Training facility of Shakhtar Donetsk

The Kirsha Training Centre (Спортивно-тренувальна база «Кірша») is the training facility of the Ukrainian Premier League club Shakhtar Donetsk and its U-19 side, FC Shakhtar-3 Donetsk. Located in Donetsk, Ukraine, the training centre has been open since 1953. Since the centre's opening, upgrades have been made including a rehabilitation centre, gymnasium, canteen, consulting room, medical offices, and many other services.

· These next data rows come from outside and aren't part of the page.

lemma connected_flag_orbit:
  assumes pm: "premaniplex n F adj" and "p \<in> F"
  shows "connected_pm n (flag_orbit n adj p) adj"
  unfolding connected_pm_def
proof (intro ballI)
  fix a b assume "a \<in> flag_orbit n adj p" "b \<in> flag_orbit n adj p"
  then obtain u v where "set u \<subseteq> {..<n}" "a = act adj u p" "set v \<subseteq> {..<n}" "b = act adj v p"
    by (auto simp: flag_orbit_def)
  then show "\<exists>w. set w \<subseteq> {..<n} \<and> act adj w a = b"
    using premaniplex_act_rev[OF pm _ \<open>p \<in> F\<close>] by (intro exI[of _ "rev u @ v"]) auto
qed

lemma connected_pm_eq_flag_orbit:
  assumes "premaniplex n F adj" and "connected_pm n F adj" and "p \<in> F"
  shows "F = flag_orbit n adj p"
proof
  show "F \<subseteq> flag_orbit n adj p"
  proof
    fix q assume "q \<in> F"
    then obtain w where "set w \<subseteq> {..<n}" "q = act adj w p"
      using assms(2,3) unfolding connected_pm_def by metis
    then show "q \<in> flag_orbit n adj p" by (simp add: act_in_flag_orbit)
  qed
  show "flag_orbit n adj p \<subseteq> F" by (rule flag_orbit_subset[OF assms(1,3)])
qed

definition transport_adj :: "('f \<Rightarrow> 'g) \<Rightarrow> 'f set \<Rightarrow> (nat \<Rightarrow> 'f \<Rightarrow> 'f) \<Rightarrow> nat \<Rightarrow> 'g \<Rightarrow> 'g" where
  "transport_adj h F adj i z = h (adj i (inv_into F h z))"

lemma act_transport_adj:
  assumes "inj_on h F" and "premaniplex n F adj" and "set w \<subseteq> {..<n}" and "x \<in> F"
  shows "act (transport_adj h F adj) w (h x) = h (act adj w x)"
  using assms(3,4)
  by (induction w arbitrary: x)
    (auto simp: transport_adj_def assms(1) premaniplex_adj_closed[OF assms(2)])

lemma premaniplex_transport_adj:
  assumes "inj_on h F" and "premaniplex n F adj"
  shows "premaniplex n (h ` F) (transport_adj h F adj)"
  using assms unfolding premaniplex_def
  by (auto simp: transport_adj_def)

lemma connected_pm_transport_adj:
  assumes "inj_on h F" and "premaniplex n F adj" and "connected_pm n F adj"
  shows "connected_pm n (h ` F) (transport_adj h F adj)"
  unfolding connected_pm_def
proof (intro ballI)
  fix a b assume "a \<in> h ` F" "b \<in> h ` F"
  then obtain x y where xy: "x \<in> F" "y \<in> F" "a = h x" "b = h y" by blast
  then obtain w where "set w \<subseteq> {..<n}" "act adj w x = y"
    using assms(3) unfolding connected_pm_def by blast
  then show "\<exists>w. set w \<subseteq> {..<n} \<and> act (transport_adj h F adj) w a = b"
    using act_transport_adj[OF assms(1,2)] xy by auto
qed

definition diag_adj :: "(nat \<Rightarrow> 'f \<Rightarrow> 'f) \<Rightarrow> nat \<Rightarrow> 'f \<times> 'f \<Rightarrow> 'f \<times> 'f" where
  "diag_adj adj i = map_prod (adj i) (adj i)"

lemma act_diag_adj: "act (diag_adj adj) w (a, b) = (act adj w a, act adj w b)"
  by (induction w arbitrary: a b) (simp_all add: diag_adj_def)

lemma premaniplex_diag_adj: "premaniplex n F adj \<Longrightarrow> premaniplex n (F \<times> F) (diag_adj adj)"
  unfolding premaniplex_def diag_adj_def by auto

lemma aut_act:
  assumes aut: "is_aut n F adj g" and closed: "\<And>i x. i < n \<Longrightarrow> x \<in> F \<Longrightarrow> adj i x \<in> F"
    and "set w \<subseteq> {..<n}" and "x \<in> F"
  shows "g (act adj w x) = act adj w (g x)"
  using assms(3,4)
proof (induction w arbitrary: x)
  case (Cons i w)
  have "g x \<in> F" using aut Cons.prems(2) by (auto simp: is_aut_def bij_betw_apply)
  then show ?case using Cons aut closed by (simp add: is_aut_def)
qed simp

lemma bij_betw_fibrewise:
  assumes bij: "bij_betw \<gamma> (A \<times> B) (A \<times> B)"
    and fibrewise: "\<And>x y. x \<in> A \<Longrightarrow> y \<in> B \<Longrightarrow> \<gamma> (x, y) = (\<alpha> x, y)" and "b \<in> B"
  shows "bij_betw \<alpha> A A"
proof -
  have "inj_on \<alpha> A"
  proof (rule inj_onI)
    fix x x' assume "x \<in> A" "x' \<in> A" "\<alpha> x = \<alpha> x'"
    then have "\<gamma> (x, b) = \<gamma> (x', b)" using fibrewise \<open>b \<in> B\<close> by simp
    then show "x = x'"
      using bij_betw_imp_inj_on[OF bij] \<open>x \<in> A\<close> \<open>x' \<in> A\<close> \<open>b \<in> B\<close> by (auto dest: inj_onD)
  qed
  moreover have "\<alpha> ` A = A"
  proof
    show "\<alpha> ` A \<subseteq> A"
    proof (rule image_subsetI)
      fix x assume "x \<in> A"
      then have "\<gamma> (x, b) \<in> A \<times> B" using bij_betw_apply[OF bij] \<open>b \<in> B\<close> by blast
      then show "\<alpha> x \<in> A" using fibrewise[OF \<open>x \<in> A\<close> \<open>b \<in> B\<close>] by simp
    qed
    show "A \<subseteq> \<alpha> ` A"
    proof
      fix z assume "z \<in> A"
      then have "(z, b) \<in> \<gamma> ` (A \<times> B)"
        using bij_betw_imp_surj_on[OF bij] \<open>b \<in> B\<close> by simp
      then obtain x y where "x \<in> A" "y \<in> B" "\<gamma> (x, y) = (z, b)" by auto
      then show "z \<in> \<alpha> ` A" using fibrewise by auto
    qed
  qed
  ultimately show ?thesis by (simp add: bij_betw_def)
qed

fun walk_voltage :: "(nat \<Rightarrow> 'y \<Rightarrow> 'y) \<Rightarrow> ('y \<Rightarrow> nat list \<Rightarrow> nat list) \<Rightarrow> 'y \<Rightarrow> nat list \<Rightarrow> nat list" where
  "walk_voltage adjY eta y [] = []"
| "walk_voltage adjY eta y (i # w) = eta y [i] @ walk_voltage adjY eta (adjY i y) w"

lemma act_vprod_adj:
  "act (vprod_adj adjX adjY eta) w (x, y) = (act adjX (walk_voltage adjY eta y w) x, act adjY w y)"
  by (induction w arbitrary: x y) (simp_all add: vprod_adj_def)

locale voltage_product =
  fixes n m :: nat
    and FX :: "'x set" and adjX :: "nat \<Rightarrow> 'x \<Rightarrow> 'x"
    and FY :: "'y set" and adjY :: "nat \<Rightarrow> 'y \<Rightarrow> 'y"
    and eta :: "'y \<Rightarrow> nat list \<Rightarrow> nat list"
  assumes premaniplex_X: "premaniplex n FX adjX"
    and premaniplex_Y: "premaniplex m FY adjY"
    and dart_voltage_letters: "\<And>y i. y \<in> FY \<Longrightarrow> i < m \<Longrightarrow> set (eta y [i]) \<subseteq> {..<n}"

lemma voltage_product_if_voltage_operator:
  assumes "premaniplex n FX adjX" and "voltage_operator n m FY adjY eta"
  shows "voltage_product n m FX adjX FY adjY eta"
proof
  show "premaniplex n FX adjX" by (fact assms(1))
  show "premaniplex m FY adjY" using assms(2) by (simp add: voltage_operator_def)
  fix y i assume "y \<in> FY" and "i < m"
  then show "set (eta y [i]) \<subseteq> {..<n}"
    using assms(2) unfolding voltage_operator_def by simp
qed

context voltage_product
begin

lemma walk_voltage_letters:
  "y \<in> FY \<Longrightarrow> set w \<subseteq> {..<m} \<Longrightarrow> set (walk_voltage adjY eta y w) \<subseteq> {..<n}"
  by (induction w arbitrary: y)
    (auto dest: dart_voltage_letters premaniplex_adj_closed[OF premaniplex_Y])

lemma vprod_adj_closed:
  assumes "i < m" and "p \<in> FX \<times> FY"
  shows "vprod_adj adjX adjY eta i p \<in> FX \<times> FY"
proof -
  obtain x y where "p = (x, y)" "x \<in> FX" "y \<in> FY" using assms(2) by blast
  then show ?thesis
    using premaniplex_act_closed[OF premaniplex_X dart_voltage_letters]
      premaniplex_adj_closed[OF premaniplex_Y] \<open>i < m\<close>
    by (simp add: vprod_adj_def)
qed

lemma aut_act_vprod:
  assumes "is_aut m (FX \<times> FY) (vprod_adj adjX adjY eta) \<gamma>"
    and "set w \<subseteq> {..<m}" and "p \<in> FX \<times> FY"
  shows "\<gamma> (act (vprod_adj adjX adjY eta) w p) = act (vprod_adj adjX adjY eta) w (\<gamma> p)"
  using aut_act[OF assms(1) vprod_adj_closed assms(2,3)] .

text \<open>The definition of \<open>preserves_connectivity\<close> only speaks about premaniplexes on \<open>nat\<close>;
  a connected premaniplex is countable, so it can be transported there.\<close>

lemma preserves_connectivityD:
  assumes pc: "preserves_connectivity n m FY adjY eta"
    and pm: "premaniplex n S adjS" and conn: "connected_pm n S adjS"
  shows "connected_pm m (S \<times> FY) (vprod_adj adjS adjY eta)"
proof -
  have "countable S"
  proof (cases "S = {}")
    case False
    then obtain s where "s \<in> S" by blast
    then show ?thesis using connected_pm_eq_flag_orbit[OF pm conn] countable_flag_orbit by metis
  qed simp
  define h where "h = to_nat_on S"
  have inj: "inj_on h S" using \<open>countable S\<close> unfolding h_def by (rule inj_on_to_nat_on)
  let ?adj = "transport_adj h S adjS"
  have conn_nat: "connected_pm m (h ` S \<times> FY) (vprod_adj ?adj adjY eta)"
    using pc premaniplex_transport_adj[OF inj pm] connected_pm_transport_adj[OF inj pm conn]
    unfolding preserves_connectivity_def by blast
  show ?thesis unfolding connected_pm_def
  proof (intro ballI)
    fix p q assume "p \<in> S \<times> FY" "q \<in> S \<times> FY"
    then obtain s y t y' where st: "s \<in> S" "y \<in> FY" "t \<in> S" "y' \<in> FY"
      and pq: "p = (s, y)" "q = (t, y')" by auto
    then obtain w where w: "set w \<subseteq> {..<m}"
      "act (vprod_adj ?adj adjY eta) w (h s, y) = (h t, y')"
      using conn_nat unfolding connected_pm_def by blast
    let ?v = "walk_voltage adjY eta y w"
    have "h (act adjS ?v s) = h t" "act adjY w y = y'"
      using w act_transport_adj[OF inj pm walk_voltage_letters[OF st(2) w(1)] st(1)]
      by (simp_all add: act_vprod_adj)
    moreover have "act adjS ?v s \<in> S"
      using premaniplex_act_closed[OF pm walk_voltage_letters[OF st(2) w(1)] st(1)] .
    ultimately have "act adjS ?v s = t" using inj st(3) by (auto dest: inj_onD)
    then show "\<exists>w. set w \<subseteq> {..<m} \<and> act (vprod_adj adjS adjY eta) w p = q"
      using w(1) pq \<open>act adjY w y = y'\<close> by (auto simp: act_vprod_adj)
  qed
qed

Due to the Russo-Ukrainian War, the training center was damaged and Shakhtar recreated another training center near Kyiv as Sviatoshyn Training Center.

==Development==
Previous training facilities for the club had existed on the site since 1953. The new training centre was opened in 1999.

==Facilities==
The Kirsha Training Centre covers an area of 106.2 acre. In all, there are nine full-size pitches at the site. Eight are natural grass pitches, and one is made of artificial turf. All of the pitches are illuminated, and three have undersoil heating. The rehabilitation centre consists of medical offices, treatment rooms, a swimming pool, steamroom, gymnasium, IT room, cinema, indoor garden, and a conference hall. Facilities built for FC Shakhtar-3 Donetsk include a canteen, gymnasium, consulting room, dormitories, cinema, IT room, and billiard and table tennis tables.